Project management uses milestones as concrete indicators of progress toward completing the project. In Software Project Survival Guide by Steve McConnell, the word “milestone” is used 297 times but he never explicitly defines it.
So, what is a milestone? The definitions are often vague and inconsistent.
My definition:
A milestone is an indicator that shows progress toward completing a project, along with an objectively verifiable set of criteria that show the milestone has been achieved.
A milestone generally relates to achieving some goal or major work on the project, and the criteria are how to evaluate that the goal or work has been satisfactorily done.
Steve McConnell emphasizes the use of binary milestones – a milestone that’s either 100% done or not done. No “90% done” milestones.
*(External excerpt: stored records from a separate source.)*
section \<open>The one-round game and the upper bound\<close>

text \<open>Nature's answer to every allocation: the arm-wise tilted distributions that are
  equidistant from \<open>\<nu>\<close> and \<open>\<nu>'\<close>.\<close>

lemma tilted_alloc_cost_le_chernoff:
  assumes "bandit \<nu>" "bandit \<nu>'"
  obtains q where "[q] \<in> sample_paths 1"
    and "\<And>w \<mu>. prob_vec w \<Longrightarrow> \<mu> \<in> {\<nu>, \<nu>'} \<Longrightarrow> ereal (alloc_cost w q \<mu>) \<le> (MAX b. chernoff (\<nu> b) (\<nu>' b))"
proof -
  have "\<exists>s\<in>{0..1}. KL (tilted (\<nu> b) (\<nu>' b) s) (\<nu> b) = - ln (chernoff_coeff (\<nu> b) (\<nu>' b) s)
      \<and> KL (tilted (\<nu> b) (\<nu>' b) s) (\<nu>' b) = - ln (chernoff_coeff (\<nu> b) (\<nu>' b) s)" for b
    using assms unfolding bandit_def by (metis KL_tilted_eq_neg_ln_chernoff_coeff)
  then obtain s where s: "\<And>b. s b \<in> {0..1}"
    and KL_eq: "\<And>b. KL (tilted (\<nu> b) (\<nu>' b) (s b)) (\<nu> b) = - ln (chernoff_coeff (\<nu> b) (\<nu>' b) (s b))"
      "\<And>b. KL (tilted (\<nu> b) (\<nu>' b) (s b)) (\<nu>' b) = - ln (chernoff_coeff (\<nu> b) (\<nu>' b) (s b))"
    by metis
  define q where "q b = tilted (\<nu> b) (\<nu>' b) (s b)" for b
  define D where "D b = - ln (chernoff_coeff (\<nu> b) (\<nu>' b) (s b))" for b
  have "[q] \<in> sample_paths 1"
    using assms by (auto simp: sample_paths_def q_def bandit_def intro: prob_vec_tilted)
  moreover have "alloc_cost w q \<mu> \<le> Max (range D)" if "prob_vec w" "\<mu> \<in> {\<nu>, \<nu>'}" for w \<mu>
  proof -
    have "alloc_cost w q \<mu> = (\<Sum>b\<in>UNIV. w b * D b)"
      using that(2) KL_eq by (auto simp: alloc_cost_def q_def D_def)
    also have "\<dots> \<le> Max (range D)" using that(1) by (rule sum_prob_vec_le_Max)
    finally show ?thesis .
  qed
  moreover have "ereal (Max (range D)) \<le> (MAX b. chernoff (\<nu> b) (\<nu>' b))"
  proof -
    have "Max (range D) \<in> range D" by (rule Max_in) auto
    then obtain b0 where "Max (range D) = D b0" by blast
    also have "ereal (D b0) \<le> chernoff (\<nu> b0) (\<nu>' b0)"
      unfolding chernoff_def D_def chernoff_coeff_def using s[of b0] by (intro SUP_upper2) auto
    also have "\<dots> \<le> (MAX b. chernoff (\<nu> b) (\<nu>' b))" by (rule Max_ge) auto
    finally show ?thesis .
  qed
  ultimately show ?thesis
    using that by (meson ereal_less_eq(3) order.trans)
qed

context bandit_family
begin

lemma strategy_value_1_le_chernoff:
  assumes r: "\<And>xs. prob_vec (r xs)"
    and \<nu>: "\<nu> \<in> \<xi> a" and \<nu>': "\<nu>' \<in> \<xi> a'" and "a \<noteq> a'"
  shows "strategy_value \<xi> 1 r J \<le> (MAX b. chernoff (\<nu> b) (\<nu>' b))"
proof -
  obtain q where q: "[q] \<in> sample_paths 1"
    and cost: "\<And>w \<mu>. prob_vec w \<Longrightarrow> \<mu> \<in> {\<nu>, \<nu>'}
      \<Longrightarrow> ereal (alloc_cost w q \<mu>) \<le> (MAX b. chernoff (\<nu> b) (\<nu>' b))"
    using tilted_alloc_cost_le_chernoff \<nu> \<nu>' bandits by metis
  have "\<exists>\<mu>\<in>{\<nu>, \<nu>'}. \<mu> \<in> (\<Union>i\<in>- {J [q]}. \<xi> i)"
    using \<nu> \<nu>' \<open>a \<noteq> a'\<close> by (cases "J [q] = a") auto
  then obtain \<mu> where \<mu>: "\<mu> \<in> {\<nu>, \<nu>'}" "\<mu> \<in> (\<Union>i\<in>- {J [q]}. \<xi> i)" by blast
  have "strategy_value \<xi> 1 r J \<le> ereal (go_cost r 1 [q] \<mu>)"
    unfolding strategy_value_def by (rule INF_lower2[OF q]) (rule INF_lower[OF \<mu>(2)])
  also have "\<dots> \<le> (MAX b. chernoff (\<nu> b) (\<nu>' b))"
    using cost[OF r \<mu>(1)] by (simp add: go_cost_eq)
  finally show ?thesis .
qed

lemma R_go_1_le_R_ub: "R_go \<xi> 1 \<le> R_ub \<xi>"
  unfolding R_ub_def
  by (intro R_go_least INF_greatest) (auto simp del: One_nat_def intro!: strategy_value_1_le_chernoff)

end


section \<open>The static lower bound\<close>

definition static_rate :: "('k::finite \<Rightarrow> real) \<Rightarrow> ('k \<Rightarrow> 'x::finite \<Rightarrow> real) \<Rightarrow> ('k \<Rightarrow> 'x \<Rightarrow> real) \<Rightarrow> ereal" where
  "static_rate w \<nu> \<nu>' = (SUP s\<in>{0..1}. ereal (- (\<Sum>b\<in>UNIV. w b * ln (chernoff_coeff (\<nu> b) (\<nu>' b) s))))"

definition static_value :: "('k::finite \<Rightarrow> ('k \<Rightarrow> 'x::finite \<Rightarrow> real) set) \<Rightarrow> ('k \<Rightarrow> real) \<Rightarrow> ereal" where
  "static_value \<xi> w = (INF aa'\<in>{(a, a'). a \<noteq> a'}. INF \<nu>\<nu>'\<in>\<xi> (fst aa') \<times> \<xi> (snd aa').
     static_rate w (fst \<nu>\<nu>') (snd \<nu>\<nu>'))"

lemma R_static_eq: "R_static \<xi> = (SUP w\<in>{w. prob_vec w}. static_value \<xi> w)"
  unfolding R_static_def static_value_def static_rate_def chernoff_coeff_def ..

lemma neg_sum_ln_chernoff_coeff_le_alloc_cost:
  assumes w: "prob_vec w" and q: "\<And>a. prob_vec (q a)" and "bandit \<nu>" "bandit \<nu>'"
  shows "- (\<Sum>b\<in>UNIV. w b * ln (chernoff_coeff (\<nu> b) (\<nu>' b) s))
    \<le> (1 - s) * alloc_cost w q \<nu> + s * alloc_cost w q \<nu>'"
proof -
  have "- (\<Sum>b\<in>UNIV. w b * ln (chernoff_coeff (\<nu> b) (\<nu>' b) s))
      = (\<Sum>b\<in>UNIV. w b * - ln (chernoff_coeff (\<nu> b) (\<nu>' b) s))"
    by (simp add: sum_negf)
  also have "\<dots> \<le> (\<Sum>b\<in>UNIV. w b * ((1 - s) * KL (q b) (\<nu> b) + s * KL (q b) (\<nu>' b)))"
    using assms by (intro sum_mono mult_left_mono neg_ln_chernoff_coeff_le)
      (auto simp: bandit_def prob_vec_def)
  also have "\<dots> = (1 - s) * alloc_cost w q \<nu> + s * alloc_cost w q \<nu>'"
    unfolding alloc_cost_def sum_distrib_left sum.distrib[symmetric]
    by (rule sum.cong) (simp_all add: algebra_simps)
  finally show ?thesis .
qed

lemma static_rate_le_go_cost:
  assumes w: "prob_vec w" and Q: "Q \<in> sample_paths B" and B: "B \<ge> 1"
    and \<nu>: "bandit \<nu>" "bandit \<nu>'"
  shows "static_rate w \<nu> \<nu>' \<le> max (ereal (go_cost (\<lambda>_. w) B Q \<nu>)) (ereal (go_cost (\<lambda>_. w) B Q \<nu>'))"
  unfolding static_rate_def
proof (rule SUP_least)
  fix s :: real assume s: "s \<in> {0..1}"
  let ?V = "- (\<Sum>b\<in>UNIV. w b * ln (chernoff_coeff (\<nu> b) (\<nu>' b) s))"
  let ?mix = "\<lambda>l. (1 - s) * alloc_cost w (Q ! l) \<nu> + s * alloc_cost w (Q ! l) \<nu>'"
  have "?V = (\<Sum>l<B. ?V) / real B" using B by simp
  also have "\<dots> \<le> (\<Sum>l<B. ?mix l) / real B"
    using Q by (intro divide_right_mono sum_mono neg_sum_ln_chernoff_coeff_le_alloc_cost w \<nu>)
      (auto simp: sample_paths_def)
  also have "\<dots> = (1 - s) * go_cost (\<lambda>_. w) B Q \<nu> + s * go_cost (\<lambda>_. w) B Q \<nu>'"
    by (simp add: go_cost_eq sum.distrib add_divide_distrib flip: sum_distrib_left)
  also have "\<dots> \<le> max (go_cost (\<lambda>_. w) B Q \<nu>) (go_cost (\<lambda>_. w) B Q \<nu>')"
    using s by (intro convex_bound_le) auto
  finally show "ereal ?V \<le> max (ereal (go_cost (\<lambda>_. w) B Q \<nu>)) (ereal (go_cost (\<lambda>_. w) B Q \<nu>'))"
    by (auto simp: le_max_iff_disj)
qed

context bandit_family
begin

lemma static_value_le_strategy_value:
  assumes B: "B \<ge> 1" and w: "prob_vec w"
  defines "J \<equiv> \<lambda>Q. arg_min_on (\<lambda>i. INF \<nu>\<in>\<xi> i. ereal (go_cost (\<lambda>_. w) B Q \<nu>)) UNIV"
  shows "static_value \<xi> w \<le> strategy_value \<xi> B (\<lambda>_. w) J"
  unfolding strategy_value_def
proof (intro INF_greatest, elim UN_E)
  fix Q \<nu> i assume Q: "Q \<in> sample_paths B" and i: "i \<in> - {J Q}" and \<nu>: "\<nu> \<in> \<xi> i"
  define cost where "cost \<mu> = ereal (go_cost (\<lambda>_. w) B Q \<mu>)" for \<mu>
  have "(INF \<mu>\<in>\<xi> (J Q). cost \<mu>) \<le> (INF \<mu>\<in>\<xi> i. cost \<mu>)"
    unfolding J_def cost_def by (rule arg_min_least) auto
  also have "\<dots> \<le> cost \<nu>" using \<nu> by (rule INF_lower)
  finally have best_fit: "(INF \<mu>\<in>\<xi> (J Q). cost \<mu>) \<le> cost \<nu>" .
  have "static_value \<xi> w \<le> max (cost \<mu>) (cost \<nu>)" if \<mu>: "\<mu> \<in> \<xi> (J Q)" for \<mu>
  proof -
    have "static_value \<xi> w \<le> static_rate w \<mu> \<nu>"
      unfolding static_value_def using i \<mu> \<nu>
      by (intro INF_lower2[of "(J Q, i)"] INF_lower2[of "(\<mu>, \<nu>)"]) auto
    also have "\<dots> \<le> max (cost \<mu>) (cost \<nu>)"
      unfolding cost_def using bandits \<mu> \<nu> by (intro static_rate_le_go_cost[OF w Q B])
    finally show ?thesis .
  qed
  \<comment> \<open>Otherwise the static value would bound all costs in class \<open>J Q\<close>, hence \<open>cost \<nu>\<close>.\<close>
  then have "static_value \<xi> w \<le> cost \<nu> \<or> static_value \<xi> w \<le> (INF \<mu>\<in>\<xi> (J Q). cost \<mu>)"
    by (metis INF_greatest le_max_iff_disj)
  then show "static_value \<xi> w \<le> ereal (go_cost (\<lambda>_. w) B Q \<nu>)"
    using best_fit unfolding cost_def by auto
qed

lemma R_static_le_R_go:
  assumes "B \<ge> 1"
  shows "R_static \<xi> \<le> R_go \<xi> B"
  unfolding R_static_eq
  by (intro SUP_least order.trans[OF static_value_le_strategy_value[OF assms]] strategy_value_le_R_go)
    simp_all

end


section \<open>Simulating many rounds by few\<close>

lemma INF_ereal_cmult:
  assumes "0 < c"
  shows "(INF x\<in>A. ereal c * f x) = ereal c * (INF x\<in>A. f x)"
proof -
  have "{ereal c * y |y. y \<in> f ` A} = (\<lambda>x. ereal c * f x) ` A" by auto
  then show ?thesis using ereal_Inf_cmult[OF assms, of "\<lambda>y. y \<in> f ` A"] by simp
qed

lemma prob_vec_average:
  assumes "finite S" "S \<noteq> {}" "\<And>i. i \<in> S \<Longrightarrow> prob_vec (p i)"
  shows "prob_vec (\<lambda>a. (\<Sum>i\<in>S. p i a) / real (card S))"
proof -
  have "(\<Sum>a\<in>UNIV. (\<Sum>i\<in>S. p i a) / real (card S)) = (\<Sum>i\<in>S. \<Sum>a\<in>UNIV. p i a) / real (card S)"
    by (simp add: sum.swap[of _ S] flip: sum_divide_distrib)
  also have "\<dots> = 1"
    using assms by (simp add: prob_vec_def)
  finally show ?thesis
    using assms by (auto simp: prob_vec_def intro!: sum_nonneg divide_nonneg_nonneg)
qed

text \<open>A strategy \<open>r\<close> for \<open>B\<close> rounds is simulated in fewer rounds by stretching the
  short sample path: round \<open>l\<close> of the long game sees sample \<open>blk l\<close>.  In its round
  \<open>j = length xs - 1\<close> the short strategy plays the average allocation of block \<open>j\<close>;
  for an empty block the allocation \<open>r []\<close> is an arbitrary choice.\<close>

definition expand_path :: "(nat \<Rightarrow> nat) \<Rightarrow> nat \<Rightarrow> 'a list \<Rightarrow> 'a list" where
  "expand_path blk B Q = map (\<lambda>l. Q ! blk l) [0..<B]"

definition round_block :: "(nat \<Rightarrow> nat) \<Rightarrow> nat \<Rightarrow> nat \<Rightarrow> nat set" where
  "round_block blk B j = {l\<in>{..<B}. blk l = j}"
The reasoning is that “partially” completely a milestone is not an objective indicator of progress, and “partially done” milestones often remain undone for a long time.
A binary milestone is only done when all the criteria have been satisfied.
Examples from Software Project Survival Guide
Some of these milestones don’t look very agile to me, and are not suitable to semester-long projects, but they give you some ideas of relevant things to consider.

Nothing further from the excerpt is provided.